AI-Driven Commerce Creates New Risk: Legitimate Purchases Being Flagged as Fraud

The rapid adoption of AI shopping agents is creating an unexpected challenge for merchants worldwide. While much attention has focused on potential fraud from these systems, a growing number of legitimate AI-initiated purchases are being incorrectly flagged as fraudulent and declined.

This ‘false decline’ crisis stems from legacy fraud detection systems that struggle to differentiate between genuine AI transactions and malicious bot activity. As agentic commerce expands—projected to account for 25-30% of global online sales by 2030 according to The Paypers Global Ecommerce Report 2026—this issue will only intensify.

The Mismatch Between Systems and Behavior

Fraud detection systems were primarily designed to identify patterns associated with human shoppers. They rely on signals like device fingerprints, session behavior, and authentication methods that AI agents can now mimic effectively.

“The fraud systems most merchants use today were built to detect bad human behavior,” explains Monica Eaton, founder and CEO of Chargebacks911. “They weren’t designed for a world where legitimate AI agents and malicious bots produce nearly identical traffic patterns.”

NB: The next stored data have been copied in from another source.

lemma swappable_if_additive:
  assumes \<rho>: "perm_fix0 s \<rho>" and add: "\<forall>x\<in>vecs s. \<forall>y\<in>vecs s. \<rho> (vadd x y) = vadd (\<rho> x) (\<rho> y)"
  shows "swappable s \<rho>"
proof -
  have "bij_betw (\<rho> \<circ> \<rho>) (vecs s) (vecs s)"
    using \<rho> by (auto simp: perm_fix0_def intro: bij_betw_trans)
  then have "linear_perm s (\<rho> \<circ> \<rho>)"
    using add \<rho> by (simp add: linear_perm_def perm_fix0_length)
  then show ?thesis
    unfolding swappable_def by (intro exI[of _ "\<lambda>z. z"] exI[of _ "\<rho> \<circ> \<rho>"]) (simp add: linear_perm_id)
qed

lemma cross_map_image_in_SQS_blocks:
  assumes \<rho>: "perm_fix0 s \<rho>" and \<sigma>: "cross_map \<alpha> \<beta> \<in> PAut (positions s) (SQS_blocks s \<rho>)"
    and "X <+> Y \<in> SQS_blocks s \<rho>" "X \<subseteq> vecs s" "Y \<subseteq> vecs s"
  shows "\<beta> ` Y <+> \<alpha> ` X \<in> SQS_blocks s \<rho>"
  using PAut_image_in_iff[OF \<sigma> SQS_blocks_subset_positions[OF \<rho>], of "X <+> Y"] assms(3-)
  by (simp add: positions_eq_Plus)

The Cost of False Declines

False declines carry several immediate consequences:

  • Lost sales: Revenue is immediately forfeited without the possibility of chargebacks
  • Brand damage: Customers may lose trust when their purchases are unexpectedly blocked
  • Reduced AI adoption: Agents may avoid platforms with high decline rates, limiting future growth opportunities

Adapting to Agentic Commerce

To address this challenge, merchants need to shift from relying on point-of-transaction signals to building comprehensive consent frameworks. Key recommendations include:

  1. Granular permission systems: Define clear limits and authorizations for AI agents operating on their platforms
  2. Robust evidence capture: Log all agent activity with timestamps and authorization details
  3. Adaptive fraud rules: Adjust thresholds to account for the unique behavioral patterns of agent-initiated purchases

By proactively adapting their infrastructure, merchants can not only reduce false declines but also position themselves for success in an increasingly AI-driven commerce landscape.